| What you should do |
Below is a block of records. Copy every line in it that contains the word "lemma".

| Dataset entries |

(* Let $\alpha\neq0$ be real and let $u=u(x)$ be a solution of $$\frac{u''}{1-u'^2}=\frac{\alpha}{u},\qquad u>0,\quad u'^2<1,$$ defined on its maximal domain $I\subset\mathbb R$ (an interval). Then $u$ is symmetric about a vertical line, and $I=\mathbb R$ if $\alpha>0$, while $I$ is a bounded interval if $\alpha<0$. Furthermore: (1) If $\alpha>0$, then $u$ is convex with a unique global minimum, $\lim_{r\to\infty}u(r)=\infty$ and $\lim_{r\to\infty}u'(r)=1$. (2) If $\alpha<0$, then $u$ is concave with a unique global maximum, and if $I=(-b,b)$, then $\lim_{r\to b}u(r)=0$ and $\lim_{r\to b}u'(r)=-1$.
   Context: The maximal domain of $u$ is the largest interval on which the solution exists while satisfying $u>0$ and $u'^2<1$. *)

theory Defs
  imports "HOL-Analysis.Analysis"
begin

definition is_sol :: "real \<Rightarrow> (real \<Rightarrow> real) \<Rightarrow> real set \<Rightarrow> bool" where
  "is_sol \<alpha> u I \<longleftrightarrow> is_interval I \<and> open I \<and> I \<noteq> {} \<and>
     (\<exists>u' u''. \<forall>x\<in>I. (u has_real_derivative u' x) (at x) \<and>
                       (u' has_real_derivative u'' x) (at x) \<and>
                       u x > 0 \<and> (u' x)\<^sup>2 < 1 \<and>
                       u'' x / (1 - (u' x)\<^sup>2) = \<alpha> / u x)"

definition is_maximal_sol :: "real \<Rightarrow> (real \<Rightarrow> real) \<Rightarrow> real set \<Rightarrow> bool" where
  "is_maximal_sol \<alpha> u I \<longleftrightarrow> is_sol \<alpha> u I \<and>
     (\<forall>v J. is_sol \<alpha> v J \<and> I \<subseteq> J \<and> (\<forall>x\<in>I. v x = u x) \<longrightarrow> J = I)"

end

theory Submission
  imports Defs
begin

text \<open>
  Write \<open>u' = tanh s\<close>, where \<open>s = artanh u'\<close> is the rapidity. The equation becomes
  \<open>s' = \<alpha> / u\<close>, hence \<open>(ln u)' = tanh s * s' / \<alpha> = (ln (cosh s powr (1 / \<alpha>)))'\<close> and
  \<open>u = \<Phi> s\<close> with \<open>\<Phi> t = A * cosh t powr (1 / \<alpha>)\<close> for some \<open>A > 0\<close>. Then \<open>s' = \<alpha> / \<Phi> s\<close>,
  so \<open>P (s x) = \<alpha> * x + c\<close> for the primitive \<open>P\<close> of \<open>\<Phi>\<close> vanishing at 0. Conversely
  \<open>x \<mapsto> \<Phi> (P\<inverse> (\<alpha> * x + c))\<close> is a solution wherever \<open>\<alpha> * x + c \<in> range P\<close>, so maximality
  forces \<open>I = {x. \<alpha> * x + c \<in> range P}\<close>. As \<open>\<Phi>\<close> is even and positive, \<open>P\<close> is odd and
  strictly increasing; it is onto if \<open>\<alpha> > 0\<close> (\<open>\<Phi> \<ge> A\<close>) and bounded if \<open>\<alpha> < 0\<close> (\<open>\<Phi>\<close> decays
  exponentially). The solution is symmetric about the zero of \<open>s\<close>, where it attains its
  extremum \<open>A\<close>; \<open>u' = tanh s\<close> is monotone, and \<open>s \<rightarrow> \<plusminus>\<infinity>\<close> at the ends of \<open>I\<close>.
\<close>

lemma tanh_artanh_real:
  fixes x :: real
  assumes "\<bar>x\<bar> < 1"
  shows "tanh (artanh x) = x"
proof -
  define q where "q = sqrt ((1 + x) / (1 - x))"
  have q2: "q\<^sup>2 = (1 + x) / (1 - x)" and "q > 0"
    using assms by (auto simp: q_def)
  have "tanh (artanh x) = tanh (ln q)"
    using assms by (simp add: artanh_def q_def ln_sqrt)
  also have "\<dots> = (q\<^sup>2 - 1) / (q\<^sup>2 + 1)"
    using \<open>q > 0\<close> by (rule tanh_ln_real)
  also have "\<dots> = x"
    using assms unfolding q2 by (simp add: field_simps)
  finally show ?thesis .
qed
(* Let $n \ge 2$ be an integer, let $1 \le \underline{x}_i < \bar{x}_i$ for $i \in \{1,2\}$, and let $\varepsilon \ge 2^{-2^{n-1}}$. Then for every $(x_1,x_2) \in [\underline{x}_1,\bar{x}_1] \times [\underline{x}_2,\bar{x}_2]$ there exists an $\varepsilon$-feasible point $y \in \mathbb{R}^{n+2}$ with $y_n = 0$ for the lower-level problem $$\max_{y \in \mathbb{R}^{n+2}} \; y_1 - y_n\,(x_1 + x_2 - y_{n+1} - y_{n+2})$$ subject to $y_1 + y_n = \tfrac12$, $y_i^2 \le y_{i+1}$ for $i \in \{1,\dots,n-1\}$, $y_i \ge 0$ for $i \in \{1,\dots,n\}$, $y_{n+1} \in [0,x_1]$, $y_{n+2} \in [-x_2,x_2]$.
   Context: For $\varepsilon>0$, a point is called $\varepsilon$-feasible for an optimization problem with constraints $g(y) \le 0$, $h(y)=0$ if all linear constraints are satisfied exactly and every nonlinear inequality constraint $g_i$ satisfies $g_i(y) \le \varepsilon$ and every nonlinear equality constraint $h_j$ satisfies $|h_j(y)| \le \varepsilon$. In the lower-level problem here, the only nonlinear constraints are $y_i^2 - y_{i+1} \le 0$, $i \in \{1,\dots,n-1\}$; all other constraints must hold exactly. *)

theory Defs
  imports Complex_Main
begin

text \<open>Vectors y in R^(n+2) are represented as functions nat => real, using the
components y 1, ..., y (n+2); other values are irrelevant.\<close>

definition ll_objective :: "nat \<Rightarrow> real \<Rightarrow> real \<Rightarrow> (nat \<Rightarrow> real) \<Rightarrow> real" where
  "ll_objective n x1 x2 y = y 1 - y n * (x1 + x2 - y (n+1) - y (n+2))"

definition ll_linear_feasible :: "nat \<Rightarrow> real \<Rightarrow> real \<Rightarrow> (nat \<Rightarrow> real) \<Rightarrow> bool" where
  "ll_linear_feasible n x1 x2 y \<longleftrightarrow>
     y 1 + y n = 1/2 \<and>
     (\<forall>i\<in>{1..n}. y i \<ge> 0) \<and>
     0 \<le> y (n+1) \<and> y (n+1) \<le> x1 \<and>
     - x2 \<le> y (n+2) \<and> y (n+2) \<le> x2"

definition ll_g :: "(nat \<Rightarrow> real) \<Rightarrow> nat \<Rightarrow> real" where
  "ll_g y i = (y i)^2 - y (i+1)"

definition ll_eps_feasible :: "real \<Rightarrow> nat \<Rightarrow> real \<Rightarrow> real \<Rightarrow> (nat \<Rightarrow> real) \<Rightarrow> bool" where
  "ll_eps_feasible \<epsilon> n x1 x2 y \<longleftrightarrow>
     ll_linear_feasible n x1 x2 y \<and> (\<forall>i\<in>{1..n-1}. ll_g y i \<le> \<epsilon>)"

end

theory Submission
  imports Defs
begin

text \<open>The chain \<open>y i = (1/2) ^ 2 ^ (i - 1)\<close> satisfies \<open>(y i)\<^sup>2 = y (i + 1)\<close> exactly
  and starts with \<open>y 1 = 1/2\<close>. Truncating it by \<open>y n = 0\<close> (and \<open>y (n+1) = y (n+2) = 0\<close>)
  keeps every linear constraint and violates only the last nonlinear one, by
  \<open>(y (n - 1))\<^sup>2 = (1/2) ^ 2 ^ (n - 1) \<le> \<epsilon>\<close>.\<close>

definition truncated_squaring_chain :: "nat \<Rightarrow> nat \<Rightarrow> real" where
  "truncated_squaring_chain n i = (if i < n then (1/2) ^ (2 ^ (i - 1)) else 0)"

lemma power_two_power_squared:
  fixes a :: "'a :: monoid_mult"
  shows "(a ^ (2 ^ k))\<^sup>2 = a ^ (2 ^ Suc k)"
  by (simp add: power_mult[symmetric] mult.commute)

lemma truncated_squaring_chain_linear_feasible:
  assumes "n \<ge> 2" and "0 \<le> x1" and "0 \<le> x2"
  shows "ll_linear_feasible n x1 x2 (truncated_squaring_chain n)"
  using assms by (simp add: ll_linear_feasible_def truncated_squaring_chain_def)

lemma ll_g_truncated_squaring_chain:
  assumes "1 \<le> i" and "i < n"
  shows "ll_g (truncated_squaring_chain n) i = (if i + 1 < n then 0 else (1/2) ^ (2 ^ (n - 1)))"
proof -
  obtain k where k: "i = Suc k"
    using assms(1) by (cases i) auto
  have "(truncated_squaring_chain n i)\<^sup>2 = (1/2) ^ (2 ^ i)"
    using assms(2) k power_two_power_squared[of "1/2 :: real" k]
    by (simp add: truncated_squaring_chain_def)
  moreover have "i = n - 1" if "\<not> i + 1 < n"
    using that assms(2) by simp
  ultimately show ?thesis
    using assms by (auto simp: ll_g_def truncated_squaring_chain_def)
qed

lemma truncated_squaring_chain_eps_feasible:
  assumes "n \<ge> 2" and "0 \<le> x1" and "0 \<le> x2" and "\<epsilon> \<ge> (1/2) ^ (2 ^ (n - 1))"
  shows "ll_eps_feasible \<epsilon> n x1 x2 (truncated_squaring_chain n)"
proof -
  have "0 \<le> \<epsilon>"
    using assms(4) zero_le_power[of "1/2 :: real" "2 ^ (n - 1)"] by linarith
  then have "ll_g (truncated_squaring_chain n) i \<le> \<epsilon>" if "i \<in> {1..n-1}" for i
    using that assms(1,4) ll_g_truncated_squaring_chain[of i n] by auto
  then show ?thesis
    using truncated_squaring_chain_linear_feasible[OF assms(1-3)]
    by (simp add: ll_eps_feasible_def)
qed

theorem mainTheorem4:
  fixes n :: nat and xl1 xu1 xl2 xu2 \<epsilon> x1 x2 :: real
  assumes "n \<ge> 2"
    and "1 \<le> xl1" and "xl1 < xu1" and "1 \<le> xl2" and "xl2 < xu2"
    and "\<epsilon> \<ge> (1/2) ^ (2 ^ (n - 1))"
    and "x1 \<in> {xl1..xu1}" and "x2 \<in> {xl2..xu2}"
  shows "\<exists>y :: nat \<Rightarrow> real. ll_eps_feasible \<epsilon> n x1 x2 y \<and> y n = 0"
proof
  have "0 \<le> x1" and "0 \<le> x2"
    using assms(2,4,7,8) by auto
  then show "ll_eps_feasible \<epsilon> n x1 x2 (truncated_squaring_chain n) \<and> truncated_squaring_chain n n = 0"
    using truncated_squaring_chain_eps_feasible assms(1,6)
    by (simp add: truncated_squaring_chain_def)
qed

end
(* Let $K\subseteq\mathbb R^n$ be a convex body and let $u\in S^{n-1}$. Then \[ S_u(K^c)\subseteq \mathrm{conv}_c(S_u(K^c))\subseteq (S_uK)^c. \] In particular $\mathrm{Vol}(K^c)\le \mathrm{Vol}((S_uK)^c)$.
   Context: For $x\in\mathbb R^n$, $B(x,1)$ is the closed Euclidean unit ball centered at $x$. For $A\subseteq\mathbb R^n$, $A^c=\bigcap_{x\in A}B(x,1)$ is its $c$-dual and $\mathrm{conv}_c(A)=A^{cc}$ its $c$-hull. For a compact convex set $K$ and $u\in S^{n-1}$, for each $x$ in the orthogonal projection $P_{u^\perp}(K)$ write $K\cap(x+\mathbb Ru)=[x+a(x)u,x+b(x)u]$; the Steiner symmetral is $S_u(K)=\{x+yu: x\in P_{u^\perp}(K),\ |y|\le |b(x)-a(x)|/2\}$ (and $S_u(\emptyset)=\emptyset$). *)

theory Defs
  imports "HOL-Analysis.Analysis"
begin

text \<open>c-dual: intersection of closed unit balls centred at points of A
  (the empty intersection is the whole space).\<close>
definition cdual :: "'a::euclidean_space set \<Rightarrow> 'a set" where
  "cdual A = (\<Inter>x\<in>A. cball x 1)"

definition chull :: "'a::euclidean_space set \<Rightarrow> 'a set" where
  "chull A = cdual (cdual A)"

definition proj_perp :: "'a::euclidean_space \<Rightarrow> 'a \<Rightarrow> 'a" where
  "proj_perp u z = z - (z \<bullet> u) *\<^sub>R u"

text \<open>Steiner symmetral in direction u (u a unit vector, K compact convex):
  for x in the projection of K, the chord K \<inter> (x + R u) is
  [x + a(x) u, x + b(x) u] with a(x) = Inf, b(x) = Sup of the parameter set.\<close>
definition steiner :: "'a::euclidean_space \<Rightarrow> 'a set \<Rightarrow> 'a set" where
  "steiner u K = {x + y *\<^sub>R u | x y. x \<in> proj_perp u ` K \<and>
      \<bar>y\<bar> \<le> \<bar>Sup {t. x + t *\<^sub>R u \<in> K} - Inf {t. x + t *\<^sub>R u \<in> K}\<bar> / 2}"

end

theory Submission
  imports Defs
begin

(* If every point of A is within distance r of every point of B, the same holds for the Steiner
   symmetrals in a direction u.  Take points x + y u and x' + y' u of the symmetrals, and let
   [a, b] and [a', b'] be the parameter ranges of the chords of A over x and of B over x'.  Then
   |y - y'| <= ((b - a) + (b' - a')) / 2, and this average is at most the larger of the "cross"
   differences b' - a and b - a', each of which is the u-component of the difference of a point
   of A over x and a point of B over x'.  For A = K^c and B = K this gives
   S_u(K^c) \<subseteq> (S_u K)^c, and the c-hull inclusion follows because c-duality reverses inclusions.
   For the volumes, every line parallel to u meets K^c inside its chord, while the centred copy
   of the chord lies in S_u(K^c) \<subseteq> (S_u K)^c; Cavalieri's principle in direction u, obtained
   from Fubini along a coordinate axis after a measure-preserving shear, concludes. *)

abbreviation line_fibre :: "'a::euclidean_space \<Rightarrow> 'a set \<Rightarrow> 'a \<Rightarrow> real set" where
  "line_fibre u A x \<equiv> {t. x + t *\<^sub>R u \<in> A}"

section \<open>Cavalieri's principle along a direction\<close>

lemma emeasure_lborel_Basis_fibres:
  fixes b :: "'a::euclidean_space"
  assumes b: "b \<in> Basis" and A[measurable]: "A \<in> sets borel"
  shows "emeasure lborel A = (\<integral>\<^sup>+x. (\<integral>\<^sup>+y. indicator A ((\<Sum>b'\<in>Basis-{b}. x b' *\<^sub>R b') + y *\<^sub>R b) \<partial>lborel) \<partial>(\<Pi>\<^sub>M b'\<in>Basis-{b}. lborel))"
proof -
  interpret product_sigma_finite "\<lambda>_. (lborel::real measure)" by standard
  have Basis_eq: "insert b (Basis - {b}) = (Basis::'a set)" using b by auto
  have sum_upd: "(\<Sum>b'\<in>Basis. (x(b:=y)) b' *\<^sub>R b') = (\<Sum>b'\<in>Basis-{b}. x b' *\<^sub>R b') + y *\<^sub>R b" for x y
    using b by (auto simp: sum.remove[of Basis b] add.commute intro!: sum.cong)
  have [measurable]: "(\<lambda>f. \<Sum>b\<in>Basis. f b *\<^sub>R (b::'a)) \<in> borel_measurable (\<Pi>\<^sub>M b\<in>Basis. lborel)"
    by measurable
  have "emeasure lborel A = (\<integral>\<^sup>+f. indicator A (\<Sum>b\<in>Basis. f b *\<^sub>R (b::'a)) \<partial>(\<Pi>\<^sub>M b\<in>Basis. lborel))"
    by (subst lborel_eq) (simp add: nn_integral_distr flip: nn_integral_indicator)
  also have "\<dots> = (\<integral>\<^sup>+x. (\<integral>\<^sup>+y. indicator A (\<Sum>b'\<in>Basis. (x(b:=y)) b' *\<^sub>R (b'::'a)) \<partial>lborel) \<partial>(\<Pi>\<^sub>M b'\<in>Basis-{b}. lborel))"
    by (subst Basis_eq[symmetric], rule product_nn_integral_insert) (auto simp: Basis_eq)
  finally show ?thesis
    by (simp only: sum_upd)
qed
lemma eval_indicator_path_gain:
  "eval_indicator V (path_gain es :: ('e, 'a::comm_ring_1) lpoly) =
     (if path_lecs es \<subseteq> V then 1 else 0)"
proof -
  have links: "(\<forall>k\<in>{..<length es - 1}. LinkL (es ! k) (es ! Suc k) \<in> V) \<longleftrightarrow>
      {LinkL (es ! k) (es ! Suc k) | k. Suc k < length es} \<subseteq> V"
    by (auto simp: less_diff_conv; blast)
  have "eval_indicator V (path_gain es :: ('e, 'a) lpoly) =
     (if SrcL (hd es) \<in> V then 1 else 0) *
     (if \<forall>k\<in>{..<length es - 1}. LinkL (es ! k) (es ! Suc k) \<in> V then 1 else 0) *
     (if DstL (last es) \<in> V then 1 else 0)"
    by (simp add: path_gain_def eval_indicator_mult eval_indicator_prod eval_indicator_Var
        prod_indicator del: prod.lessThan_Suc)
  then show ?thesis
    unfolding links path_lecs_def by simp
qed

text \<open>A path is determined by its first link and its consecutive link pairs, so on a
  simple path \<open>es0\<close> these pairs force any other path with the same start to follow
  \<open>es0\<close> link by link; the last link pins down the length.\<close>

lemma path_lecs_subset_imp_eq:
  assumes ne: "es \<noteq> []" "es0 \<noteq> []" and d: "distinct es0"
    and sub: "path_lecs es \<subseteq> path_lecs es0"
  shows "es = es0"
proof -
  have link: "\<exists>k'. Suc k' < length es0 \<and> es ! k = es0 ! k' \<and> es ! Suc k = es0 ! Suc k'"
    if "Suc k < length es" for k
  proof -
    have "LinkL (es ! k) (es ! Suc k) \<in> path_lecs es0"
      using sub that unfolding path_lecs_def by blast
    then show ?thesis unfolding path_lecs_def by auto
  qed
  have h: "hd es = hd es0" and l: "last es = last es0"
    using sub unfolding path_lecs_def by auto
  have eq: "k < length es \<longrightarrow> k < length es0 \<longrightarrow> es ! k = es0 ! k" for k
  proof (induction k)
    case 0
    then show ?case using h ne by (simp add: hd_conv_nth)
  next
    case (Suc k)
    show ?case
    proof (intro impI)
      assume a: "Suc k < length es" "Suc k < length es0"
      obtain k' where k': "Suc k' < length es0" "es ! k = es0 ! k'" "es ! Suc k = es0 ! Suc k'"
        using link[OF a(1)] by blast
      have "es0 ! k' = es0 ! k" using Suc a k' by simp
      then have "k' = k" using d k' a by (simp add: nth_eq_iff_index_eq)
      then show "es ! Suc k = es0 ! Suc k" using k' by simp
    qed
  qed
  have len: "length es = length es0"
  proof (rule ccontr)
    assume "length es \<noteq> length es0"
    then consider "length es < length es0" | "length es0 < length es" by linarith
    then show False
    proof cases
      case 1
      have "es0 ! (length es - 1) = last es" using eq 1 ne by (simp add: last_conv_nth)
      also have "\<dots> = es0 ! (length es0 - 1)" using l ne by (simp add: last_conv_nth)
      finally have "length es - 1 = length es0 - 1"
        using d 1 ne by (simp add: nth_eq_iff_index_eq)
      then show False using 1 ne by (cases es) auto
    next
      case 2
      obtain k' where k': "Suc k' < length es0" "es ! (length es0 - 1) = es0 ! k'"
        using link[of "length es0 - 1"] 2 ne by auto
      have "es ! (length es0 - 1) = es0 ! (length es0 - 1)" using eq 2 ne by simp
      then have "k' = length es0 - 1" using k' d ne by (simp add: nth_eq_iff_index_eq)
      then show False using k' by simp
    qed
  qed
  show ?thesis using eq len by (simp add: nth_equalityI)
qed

| Task result |
lemma tanh_artanh_real:
lemma power_two_power_squared:
lemma truncated_squaring_chain_linear_feasible:
lemma ll_g_truncated_squaring_chain:
lemma truncated_squaring_chain_eps_feasible:
lemma emeasure_lborel_Basis_fibres:
lemma eval_indicator_path_gain:
lemma path_lecs_subset_imp_eq:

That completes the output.